Security Operations, Public sector

America250 is a summer of thousands of celebrations spread across every corner of the country. It runs  July 1–5 and beyond, anchored by a five-day national commemoration that aims to bring together 350 million Americans. For the public safety and security teams responsible for those gatherings, the operational challenge is a sustained effort across multiple geographies, jurisdictions, and timelines, with a threat picture that doesn’t respect organizational boundaries.

I spend most of my time with the agencies and organizations responsible for keeping these environments safe. What I hear from them leading into America250 is consistent: the scale is manageable, but the coordination is hard. This is not because the people aren’t capable (they are), but because many of them don’t have an information picture in a format that every stakeholder can act on simultaneously.

The Coordination Problem

Events of this scale involve an enormous number of stakeholders: local and federal law enforcement, transportation agencies, logistics operators, emergency management, event coordinators, and private sector organizations with operations in the area. Each has its own definition of normal, information streams, and threshold for action.

The problem isn’t a shortage of information. It’s that without shared understanding, everyone is working from a different starting point. If there’s a significant traffic spike on I-395 near Washington, D.C. at 6 PM, the transportation operations center might know it within minutes. The law enforcement commander three blocks away might not. The logistics company rerouting deliveries around the National Mall might hear about it an hour later. By the time everyone has the same picture, the window for a coordinated response has narrowed.

This is where real-time intelligence delivers its most direct operational value: not just alerting one organization to one event, but giving every involved organization the same start point at the same moment. When teams across jurisdictions see the same information simultaneously, the conversation shifts from “what happened?” to “what do we do about it?”

A Model From the 2024 Elections

The 2024 U.S. elections offer a useful reference point. The operational profile was similar: a national event spanning every municipality, county, and state, with a wide range of federal, state, and local agencies each carrying distinct responsibilities but requiring a common operating picture.

Working with those customers, Dataminr built a baseline set of information parameters oriented specifically around election-related events. The goal was simple: give every organization, regardless of function or echelon, the same foundational awareness of what was happening. From there, individual agencies could layer in the specifics relevant to their role — an emergency response team notified of public safety events near polling locations, a transportation department tracking road closures around vote centers, or a federal agency detecting coordinated disruption campaigns.

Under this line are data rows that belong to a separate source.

lemma degree_equation:
  "int g * (int r * (int r - 1)) = 2 * int d * int r * int e - (int p - 1) * int d * (int d + 1)"
proof -
  define a :: "nat \<Rightarrow> 'a poly poly" where "a i = monom (monom 1 i - 1) 1" for i
  have a: "monomial_of_degree 1 (a i)" for i
    using monomial_of_degree_monom[of 1] by (simp add: a_def)
  have homogeneous: "homogeneous_of_degree (int (r * e)) (poly_of_roots r a ^ e)"
    using homogeneous_of_degree_power[OF homogeneous_of_degree_poly_of_roots[OF a]]
    by (simp add: mult.commute)
  have hom: "comm_ring_hom (\<lambda>c. [:[:c:]:])"
    by unfold_locales (auto simp: one_pCons)
  have lhs: "monomial_of_degree (\<Sum>i<d. int (r * e) + int d - (int i + 1) * int p - int i)
      ([:[:\<epsilon>:]:] * vandermonde r a ^ g)"
    using det_Mmat_homogeneous[OF homogeneous, of d p] unfolding det_Mmat_specialize[OF hom] .
  have rhs: "monomial_of_degree (0 + int g * (\<Sum>i<r. int i)) ([:[:\<epsilon>:]:] * vandermonde r a ^ g)"
    by (intro monomial_of_degree_mult monomial_of_degree_const monomial_of_degree_power
        monomial_of_degree_vandermonde a)
  have "inj_on a {..<r}"
    using inj_on_monom_minus_1 by (auto simp: inj_on_def a_def monom_eq_iff')
  then have "[:[:\<epsilon>:]:] * vandermonde r a ^ g \<noteq> 0"
    using eps_nonzero vandermonde_nonzero[OF \<open>inj_on a {..<r}\<close>] by simp
  then have degrees: "(\<Sum>i<d. int (r * e) + int d - (int i + 1) * int p - int i)
      = int g * (\<Sum>i<r. int i)"
    using monomial_of_degree_unique[OF lhs rhs] by simp
  have "int g * (int r * (int r - 1)) = int g * (2 * (\<Sum>i<r. int i))"
    by (simp only: double_sum_lessThan_int)
  also have "\<dots> = 2 * (\<Sum>i<d. int (r * e) + int d - (int i + 1) * int p - int i)"
    unfolding degrees by simp
  also have "\<dots> = 2 * int d * int (r * e) - (int p - 1) * int d * (int d + 1)"
    by (rule double_sum_Mmat_degrees)
  finally show ?thesis
    by simp
qed

end

lemma gval_eq_of_nat:
  assumes "2 \<le> r"
    and "int g * (int r * (int r - 1)) = 2 * int d * int r * int e - (int p - 1) * int d * (int d + 1)"
  shows "gval p r e d = of_nat g"
proof -
  have "(of_nat g :: rat) * (of_nat r * (of_nat r - 1))
      = 2 * of_nat d * of_nat r * of_nat e - (of_nat p - 1) * of_nat d * (of_nat d + 1)"
    using arg_cong[OF assms(2), of "of_int :: int \<Rightarrow> rat"] by simp
  moreover have "(of_nat r :: rat) * (of_nat r - 1) \<noteq> 0"
    using assms(1) by simp
  ultimately show ?thesis
    unfolding gval_def by (simp add: field_simps)
qed

lemma two_neq_zero_mod_ring:
  assumes "CARD('p::prime_card) \<noteq> 2"
  shows "(2 :: 'p mod_ring) \<noteq> 0"
proof
  assume "(2 :: 'p mod_ring) = 0"
  then have "CARD('p) dvd 2"
    using of_nat_0_mod_ring_dvd[of 2] by simp
  then have "CARD('p) \<le> 2"
    by (rule dvd_imp_le) simp
  moreover have "2 \<le> CARD('p)"
    using prime_card prime_ge_2_nat by blast
  ultimately show False
    using assms by simp
qed

lemma inU_intro:
  assumes "2 \<le> r" "1 \<le> e" "1 \<le> d" "d \<le> p" "d * (p - 1) \<le> r * e" "e < p"
    and "0 < g" "gval p r e d = of_nat g" "p \<noteq> 2 \<Longrightarrow> even g"
  shows "inU p r e d"
proof -
  have "int (d * (p - 1)) \<le> int (r * e)"
    using assms(5) by (simp only: of_nat_le_iff)
  then have "int d * (int p - 1) \<le> int r * int e"
    using assms(3,4) by (simp add: of_nat_diff)
  moreover have "int r * int e \<le> int r * (int p - 1)"
    using assms(6) by (intro mult_left_mono) auto
  moreover have "\<exists>k::int. gval p r e d = of_int (2 * k)" if odd_char: "p \<noteq> 2"
  proof -
    obtain k where "g = 2 * k"
      using assms(9)[OF odd_char] ..
    then have "gval p r e d = of_int (2 * int k)"
      using assms(8) by simp
    then show ?thesis ..
  qed
  ultimately show ?thesis
    unfolding inU_def using assms by auto
qed

theorem lemma4:
  fixes r e d :: nat
  assumes "inA TYPE('p::prime_card) r e d"
  shows "inU CARD('p) r e d"
proof -
  from assms obtain \<epsilon> :: "'p mod_ring" and g :: nat where
    bounds: "2 \<le> r" "1 \<le> e" "1 \<le> d" "d \<le> CARD('p)" and "\<epsilon> \<noteq> 0" "0 < g"
    and "det (Mmat CARD('p) d ((fpoly r :: 'p mod_ring mpoly poly) ^ e)) = mConst \<epsilon> * delta r ^ g"
    unfolding inA_def by blast
  then interpret Mmat_det_identity "CARD('p)" d r e g \<epsilon>
    by unfold_locales auto
  show ?thesis
  proof (rule inU_intro)
    show "gval CARD('p) r e d = of_nat g"
      using two_le_r degree_equation by (rule gval_eq_of_nat)
    show "even g" if "CARD('p) \<noteq> 2"
      using two_neq_zero_mod_ring[OF that] by (rule even_g)
  qed (use bounds \<open>0 < g\<close> d_mult_p_minus_1_le e_less_p in auto)
qed

end
(* Let $l$ be a prime number and let $a,b,c\in\mathbb{Z}$ satisfy $\gcd(a,b)=1$ and $$(a-b)^4+a^4+(a+b)^4=c^l,$$ equivalently $c^l=3a^4+12a^2b^2+2b^4$. Then $c$ is not divisible by $2$, $3$ or $5$; consequently $a$ is odd and $b$ is not divisible by $3$. *)

theory Defs
  imports "HOL-Computational_Algebra.Primes"
begin

end

theory Submission
  imports Defs "HOL-Number_Theory.Cong"
begin

text \<open>Since \<open>l \<ge> 2\<close>, a prime \<open>p\<close> dividing \<open>c\<close> makes \<open>p\<^sup>2\<close> divide
  \<open>3a\<^sup>4 + 12a\<^sup>2b\<^sup>2 + 2b\<^sup>4 = c\<^sup>l\<close>. For \<open>p = 2, 3, 5\<close> this forces \<open>p\<close> to divide
  both \<open>a\<close> and \<open>b\<close>: modulo 2 the form reduces to \<open>a\<^sup>4\<close>, and once \<open>a\<close> is even,
  modulo 4 to \<open>2b\<^sup>4\<close>; modulo 3 it reduces to \<open>2b\<^sup>4\<close>, and once \<open>3 dvd b\<close>,
  modulo 9 to \<open>3a\<^sup>4\<close>; modulo 5 it has no nontrivial zero. This contradicts
  \<open>gcd a b = 1\<close>. The same reductions modulo 2 and 3 show that \<open>a\<close> even or
  \<open>3 dvd b\<close> would put 2 or 3 into \<open>c\<close>.\<close>

definition quartic_form :: "int \<Rightarrow> int \<Rightarrow> int" where
  "quartic_form a b = 3 * a ^ 4 + 12 * a ^ 2 * b ^ 2 + 2 * b ^ 4"

lemma sum_fourth_powers_eq_quartic_form:
  "(a - b) ^ 4 + a ^ 4 + (a + b) ^ 4 = quartic_form a b"
  by (simp add: quartic_form_def algebra_simps power4_eq_xxxx power2_eq_square)

lemma quartic_form_cong_mod:
  "[quartic_form a b = quartic_form (a mod m) (b mod m)] (mod m)"
  unfolding quartic_form_def
  by (intro cong_add cong_mult cong_pow cong_refl) (simp_all add: cong_def)

lemma even_quartic_form_iff: "even (quartic_form a b) \<longleftrightarrow> even a"
  by (simp add: quartic_form_def)

lemma three_dvd_quartic_form_iff: "3 dvd quartic_form a b \<longleftrightarrow> 3 dvd b"
proof -
  have "quartic_form a b = 3 * (a ^ 4 + 4 * a ^ 2 * b ^ 2) + 2 * b ^ 4"
    by (simp add: quartic_form_def)
  then have "3 dvd quartic_form a b \<longleftrightarrow> 3 dvd 2 * b ^ 4"
    by (simp add: dvd_add_right_iff)
  also have "\<dots> \<longleftrightarrow> 3 dvd b"
    by (simp add: prime_dvd_mult_iff prime_dvd_power_iff)
  finally show ?thesis .
qed

lemma four_dvd_quartic_formD:
  assumes "4 dvd quartic_form a b"
  shows "2 dvd a \<and> 2 dvd b"
proof -
  have "even (quartic_form a b)"
    by (rule dvd_trans[OF _ assms]) simp
  then have "even a"
    by (simp add: even_quartic_form_iff)
  then obtain k where "a = 2 * k" ..
  then have "quartic_form a b = 4 * (12 * k ^ 4 + 12 * k ^ 2 * b ^ 2) + 2 * b ^ 4"
    by (simp add: quartic_form_def power_mult_distrib)
  then have "4 dvd 2 * b ^ 4"
    using assms by (simp add: dvd_add_right_iff)
  then have "even (b ^ 4)"
    using dvd_mult_cancel_left[of 2 2 "b ^ 4"] by simp
  then show ?thesis
    using \<open>even a\<close> by simp
qed

lemma nine_dvd_quartic_formD:
  assumes "9 dvd quartic_form a b"
  shows "3 dvd a \<and> 3 dvd b"
proof -
  have "3 dvd quartic_form a b"
    by (rule dvd_trans[OF _ assms]) simp
  then have "3 dvd b"
    by (simp add: three_dvd_quartic_form_iff)
  then obtain k where "b = 3 * k" ..
  then have "quartic_form a b = 9 * (12 * a ^ 2 * k ^ 2 + 18 * k ^ 4) + 3 * a ^ 4"
    by (simp add: quartic_form_def power_mult_distrib)
  then have "9 dvd 3 * a ^ 4"
    using assms by (simp add: dvd_add_right_iff)
  then have "3 dvd a ^ 4"
    by auto
  then show ?thesis
    using \<open>3 dvd b\<close> by (simp add: prime_dvd_power_iff)
qed

lemma five_dvd_quartic_formD:
  assumes "5 dvd quartic_form a b"
  shows "5 dvd a \<and> 5 dvd b"
proof -
  have "quartic_form (a mod 5) (b mod 5) mod 5 = 0"
    using assms quartic_form_cong_mod[of a b 5] by (simp add: cong_def)
  moreover have "a mod 5 \<in> {0, 1, 2, 3, 4}" "b mod 5 \<in> {0, 1, 2, 3, 4}"
    by auto
  ultimately show ?thesis
    unfolding dvd_eq_mod_eq_0 by (auto simp: quartic_form_def)
qed

lemma square_dvd_quartic_formD:
  assumes "p \<in> {2, 3, 5}" and "p ^ 2 dvd quartic_form a b"
  shows "p dvd a \<and> p dvd b"
proof -
  consider "p = 2" | "p = 3" | "p = 5"
    using assms(1) by blast
  then show ?thesis
  proof cases
    case 1
    then show ?thesis
      using assms(2) four_dvd_quartic_formD by simp
  next
    case 2
    then show ?thesis
      using assms(2) nine_dvd_quartic_formD by simp
  next
    case 3
    then have "5 dvd quartic_form a b"
      using assms(2) dvd_trans[of 5 25 "quartic_form a b"] by simp
    then have "5 dvd a \<and> 5 dvd b"
      by (rule five_dvd_quartic_formD)
    with \<open>p = 5\<close> show ?thesis
      by simp
  qed
qed

theorem proposition2p1:
  fixes l :: nat and a b c :: int
  assumes "prime l"
    and "gcd a b = 1"
    and "(a - b) ^ 4 + a ^ 4 + (a + b) ^ 4 = c ^ l"
  shows "\<not> (2 dvd c) \<and> \<not> (3 dvd c) \<and> \<not> (5 dvd c) \<and> odd a \<and> \<not> (3 dvd b)"
proof -
  have form_eq_power: "quartic_form a b = c ^ l"
    using assms(3) by (simp add: sum_fourth_powers_eq_quartic_form)
  have "l \<ge> 2"
    using assms(1) prime_ge_2_nat by blast
  have small_prime_not_dvd_c: "\<not> p dvd c" if "p \<in> {2, 3, 5}" for p
  proof
    assume "p dvd c"
    then have "p ^ 2 dvd quartic_form a b"
      unfolding form_eq_power using \<open>l \<ge> 2\<close> by (rule dvd_power_le)
    with that have "p dvd gcd a b"
      by (simp add: square_dvd_quartic_formD)
    with that assms(2) show False
      by auto
  qed
  have prime_dvd_c: "p dvd c" if "prime p" and "p dvd quartic_form a b" for p
    using prime_dvd_power[OF that(1)] that(2) unfolding form_eq_power .
  have "\<not> 2 dvd c" "\<not> 3 dvd c" "\<not> 5 dvd c"
    using small_prime_not_dvd_c by simp_all
  moreover have "odd a"
    using \<open>\<not> 2 dvd c\<close> prime_dvd_c[of 2] by (auto simp: even_quartic_form_iff)
  moreover have "\<not> 3 dvd b"
    using \<open>\<not> 3 dvd c\<close> prime_dvd_c[of 3] by (auto simp: three_dvd_quartic_form_iff)
  ultimately show ?thesis
    by blast
qed

end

The baseline is what makes the contextual layering possible. Without it, each organization restarts from zero every time something changes. With it, there’s a shared reference — and when the reference shifts, everyone shifts with it.

Dataminr in Action: The Potomac Collision

I think a real-world example is helpful in understanding the power of real-time information for public sector teams. 

On the evening of January 29, 2025, an American Airlines regional jet and a U.S. Army Black Hawk helicopter collided over the Potomac River on approach to Reagan National Airport. Within minutes, the incident was drawing response from the Pentagon, the White House Situation Room, Virginia State Police, the National Guard, the FAA, DC Fire, and dozens of other organizations. Every one of them was trying to rapidly establish the same basic facts: what happened, who was involved, what was the timeline.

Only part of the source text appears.